> _AVAILABLE RECORDS_:
(* Let $H$ be a Hilbert $C^*$-module, $Q\in\mathcal{L}(H)$ an idempotent and $U\in\mathcal{L}(H)$ a partial isometry. If $U^*UQ=QU^*U$, then $UQU^*$ is an idempotent and $m(UQU^* )=U\,m(Q)\,U^*$.
   Context: $H$ is a Hilbert module over a $C^*$-algebra, $\mathcal{L}(H)$ the adjointable operators. For $T$, $|T|=(T^*T)^{1/2}$, and $T^\dagger$ is the Moore–Penrose inverse (unique $X$ with $TXT=T$, $XTX=X$, $(TX)^*=TX$, $(XT)^*=XT$; exists iff $\mathcal{R}(T)$ closed). The matched projection of an idempotent $Q$ is the projection $m(Q)=\tfrac12(|Q^*|+Q^* )|Q^*|^\dagger(|Q^*|+I)^{-1}(|Q^*|+Q)$. *)

theory Defs
  imports Complex_Main
begin

text \<open>Abstract unital C*-algebra (complex scalars, involution adj, C*-identity).
  The algebra L(H) of adjointable operators on a Hilbert C*-module is such an algebra.\<close>

class cstar_algebra = real_normed_algebra_1 + banach +
  fixes scaleC :: "complex \<Rightarrow> 'a \<Rightarrow> 'a"
    and adj :: "'a \<Rightarrow> 'a"
  assumes scaleC_add_right: "scaleC c (x + y) = scaleC c x + scaleC c y"
    and scaleC_add_left: "scaleC (c + d) x = scaleC c x + scaleC d x"
    and scaleC_scaleC: "scaleC c (scaleC d x) = scaleC (c * d) x"
    and scaleC_one: "scaleC 1 x = x"
    and scaleR_scaleC: "scaleR r x = scaleC (complex_of_real r) x"
    and norm_scaleC: "norm (scaleC c x) = cmod c * norm x"
    and scaleC_mult_left: "scaleC c x * y = scaleC c (x * y)"
    and scaleC_mult_right: "x * scaleC c y = scaleC c (x * y)"
    and adj_adj: "adj (adj x) = x"
    and adj_add: "adj (x + y) = adj x + adj y"
    and adj_scaleC: "adj (scaleC c x) = scaleC (cnj c) (adj x)"
    and adj_mult: "adj (x * y) = adj y * adj x"
    and cstar_identity: "norm (adj x * x) = (norm x)\<^sup>2"

definition positive :: "'a::cstar_algebra \<Rightarrow> bool" where
  "positive a \<longleftrightarrow> (\<exists>b. a = adj b * b)"

definition csqrt :: "'a::cstar_algebra \<Rightarrow> 'a" where
  "csqrt a = (THE r. positive r \<and> r * r = a)"

definition cabs :: "'a::cstar_algebra \<Rightarrow> 'a" where
  "cabs t = csqrt (adj t * t)"

definition mp_inv :: "'a::cstar_algebra \<Rightarrow> 'a" where
  "mp_inv t = (THE x. t * x * t = t \<and> x * t * x = x \<and>
                      adj (t * x) = t * x \<and> adj (x * t) = x * t)"

definition ainv :: "'a::cstar_algebra \<Rightarrow> 'a" where
  "ainv x = (THE y. x * y = 1 \<and> y * x = 1)"

definition idempotent :: "'a::cstar_algebra \<Rightarrow> bool" where
  "idempotent q \<longleftrightarrow> q * q = q"

definition projection :: "'a::cstar_algebra \<Rightarrow> bool" where
  "projection p \<longleftrightarrow> p * p = p \<and> adj p = p"

definition partial_isometry :: "'a::cstar_algebra \<Rightarrow> bool" where
  "partial_isometry u \<longleftrightarrow> projection (adj u * u)"

definition matched_proj :: "'a::cstar_algebra \<Rightarrow> 'a" where
  "matched_proj q = (1/2::real) *\<^sub>R
     ((cabs (adj q) + adj q) * mp_inv (cabs (adj q)) * ainv (cabs (adj q) + 1)
      * (cabs (adj q) + q))"

end

theory Submission
  imports Defs "HOL-Computational_Algebra.Formal_Power_Series"
begin

text \<open>On elements commuting with the projection \<open>P = U\<^sup>*U\<close>, conjugation \<open>Z \<mapsto> U Z U\<^sup>*\<close> is
  multiplicative and preserves adjoints. The ingredients of \<open>m(Q)\<close> --- \<open>|Q\<^sup>*|\<close>, its Moore--Penrose
  inverse and \<open>(|Q\<^sup>*| + 1)\<^sup>-\<^sup>1\<close> --- all commute with \<open>P\<close> and are determined by algebraic identities,
  so conjugation carries them to the corresponding ingredients of \<open>m(U Q U\<^sup>*)\<close>. For idempotent \<open>Q\<close> the
  Moore--Penrose inverse of \<open>|Q\<^sup>*|\<close> is \<open>|Q\<^sup>*| (R\<^sup>2)\<^sup>-\<^sup>1\<close> with \<open>R = Q + Q\<^sup>* - 1\<close>.

  The analytic input is that positive square roots in a C*-algebra exist and are unique: existence
  comes from the binomial series of \<open>\<surd>(1 - x)\<close>, uniqueness from the Fukamiya--Kelley--Vaught
  theorem that \<open>b\<^sup>* b\<close> has nonnegative spectrum.\<close>

section \<open>The binomial series of the square root\<close>

text \<open>Taylor coefficients of \<open>sqrt (1 - x)\<close> at \<open>0\<close>.\<close>

definition sqrt_coeff :: "nat \<Rightarrow> real" where
  "sqrt_coeff n = (-1) ^ n * ((1/2) gchoose n)"

lemma sqrt_coeff_0 [simp]: "sqrt_coeff 0 = 1"
  by (simp add: sqrt_coeff_def)

lemma sqrt_coeff_Suc: "sqrt_coeff (Suc n) = sqrt_coeff n * (of_nat n - 1/2) / of_nat (Suc n)"
proof -
  have "of_nat (Suc n) * ((1/2::real) gchoose (Suc n)) = (1/2 - of_nat n) * ((1/2) gchoose n)"
    using gbinomial_mult_1[of "1/2::real" n] by (simp add: algebra_simps)
  then have g: "(1/2::real) gchoose (Suc n) = (1/2 - of_nat n) * ((1/2) gchoose n) / of_nat (Suc n)"
    by (simp add: field_simps del: of_nat_Suc)
  show ?thesis
    unfolding sqrt_coeff_def g by (simp add: field_simps del: of_nat_Suc)
qed

lemma sqrt_coeff_Suc_nonpos: "sqrt_coeff (Suc n) \<le> 0"
proof (induction n)
  case 0
  then show ?case by (simp add: sqrt_coeff_Suc)
next
  case (Suc n)
  have "of_nat (Suc n) - 1/2 \<ge> (0::real)" by simp
  with Suc.IH show ?case
    unfolding sqrt_coeff_Suc[of "Suc n"]
    by (simp add: divide_nonpos_pos mult_nonpos_nonneg del: of_nat_Suc)
qed

lemma sum_sqrt_coeff: "(\<Sum>k\<le>n. sqrt_coeff k) = (1 - 2 * of_nat n) * sqrt_coeff n"
proof (induction n)
  case 0
  then show ?case by simp
next
  case (Suc n)
  then have "(\<Sum>k\<le>Suc n. sqrt_coeff k) = (1 - 2 * of_nat n) * sqrt_coeff n + sqrt_coeff (Suc n)"
    by simp
  also have "\<dots> = (1 - 2 * of_nat (Suc n)) * sqrt_coeff (Suc n)"
    unfolding sqrt_coeff_Suc by (simp add: field_simps del: of_nat_Suc)
  finally show ?case .
qed

lemma sum_sqrt_coeff_nonneg: "(\<Sum>k\<le>n. sqrt_coeff k) \<ge> 0"
proof (cases n)
  case (Suc m)
  then have "sqrt_coeff n \<le> 0" and "1 - 2 * real n \<le> 0"
    using sqrt_coeff_Suc_nonpos by simp_all
  then show ?thesis
    unfolding sum_sqrt_coeff by (simp add: mult_nonpos_nonpos)
qed simp

lemma sum_abs_sqrt_coeff_Suc_le_1: "(\<Sum>k\<le>n. \<bar>sqrt_coeff (Suc k)\<bar>) \<le> 1"
proof -
  have "(\<Sum>k\<le>n. \<bar>sqrt_coeff (Suc k)\<bar>) = - (\<Sum>k\<le>n. sqrt_coeff (Suc k))"
    using sqrt_coeff_Suc_nonpos by (simp add: sum_negf[symmetric] abs_of_nonpos)
  also have "(\<Sum>k\<le>n. sqrt_coeff (Suc k)) = (\<Sum>k\<le>Suc n. sqrt_coeff k) - 1"
    by (simp add: sum.atMost_Suc_shift del: sum.atMost_Suc)
  finally show ?thesis
    using sum_sqrt_coeff_nonneg[of "Suc n"] by simp
qed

> _EXERCISE PROMPT_:
Quote the listing above from its first line to the line with "x = (THE y.", inclusive, and add nothing.

> _PROBLEM SOLUTION_:
(* Let $H$ be a Hilbert $C^*$-module, $Q\in\mathcal{L}(H)$ an idempotent and $U\in\mathcal{L}(H)$ a partial isometry. If $U^*UQ=QU^*U$, then $UQU^*$ is an idempotent and $m(UQU^* )=U\,m(Q)\,U^*$.
   Context: $H$ is a Hilbert module over a $C^*$-algebra, $\mathcal{L}(H)$ the adjointable operators. For $T$, $|T|=(T^*T)^{1/2}$, and $T^\dagger$ is the Moore–Penrose inverse (unique $X$ with $TXT=T$, $XTX=X$, $(TX)^*=TX$, $(XT)^*=XT$; exists iff $\mathcal{R}(T)$ closed). The matched projection of an idempotent $Q$ is the projection $m(Q)=\tfrac12(|Q^*|+Q^* )|Q^*|^\dagger(|Q^*|+I)^{-1}(|Q^*|+Q)$. *)

theory Defs
  imports Complex_Main
begin

text \<open>Abstract unital C*-algebra (complex scalars, involution adj, C*-identity).
  The algebra L(H) of adjointable operators on a Hilbert C*-module is such an algebra.\<close>

class cstar_algebra = real_normed_algebra_1 + banach +
  fixes scaleC :: "complex \<Rightarrow> 'a \<Rightarrow> 'a"
    and adj :: "'a \<Rightarrow> 'a"
  assumes scaleC_add_right: "scaleC c (x + y) = scaleC c x + scaleC c y"
    and scaleC_add_left: "scaleC (c + d) x = scaleC c x + scaleC d x"
    and scaleC_scaleC: "scaleC c (scaleC d x) = scaleC (c * d) x"
    and scaleC_one: "scaleC 1 x = x"
    and scaleR_scaleC: "scaleR r x = scaleC (complex_of_real r) x"
    and norm_scaleC: "norm (scaleC c x) = cmod c * norm x"
    and scaleC_mult_left: "scaleC c x * y = scaleC c (x * y)"
    and scaleC_mult_right: "x * scaleC c y = scaleC c (x * y)"
    and adj_adj: "adj (adj x) = x"
    and adj_add: "adj (x + y) = adj x + adj y"
    and adj_scaleC: "adj (scaleC c x) = scaleC (cnj c) (adj x)"
    and adj_mult: "adj (x * y) = adj y * adj x"
    and cstar_identity: "norm (adj x * x) = (norm x)\<^sup>2"

definition positive :: "'a::cstar_algebra \<Rightarrow> bool" where
  "positive a \<longleftrightarrow> (\<exists>b. a = adj b * b)"

definition csqrt :: "'a::cstar_algebra \<Rightarrow> 'a" where
  "csqrt a = (THE r. positive r \<and> r * r = a)"

definition cabs :: "'a::cstar_algebra \<Rightarrow> 'a" where
  "cabs t = csqrt (adj t * t)"

definition mp_inv :: "'a::cstar_algebra \<Rightarrow> 'a" where
  "mp_inv t = (THE x. t * x * t = t \<and> x * t * x = x \<and>
                      adj (t * x) = t * x \<and> adj (x * t) = x * t)"

definition ainv :: "'a::cstar_algebra \<Rightarrow> 'a" where
  "ainv x = (THE y. x * y = 1 \<and> y * x = 1)"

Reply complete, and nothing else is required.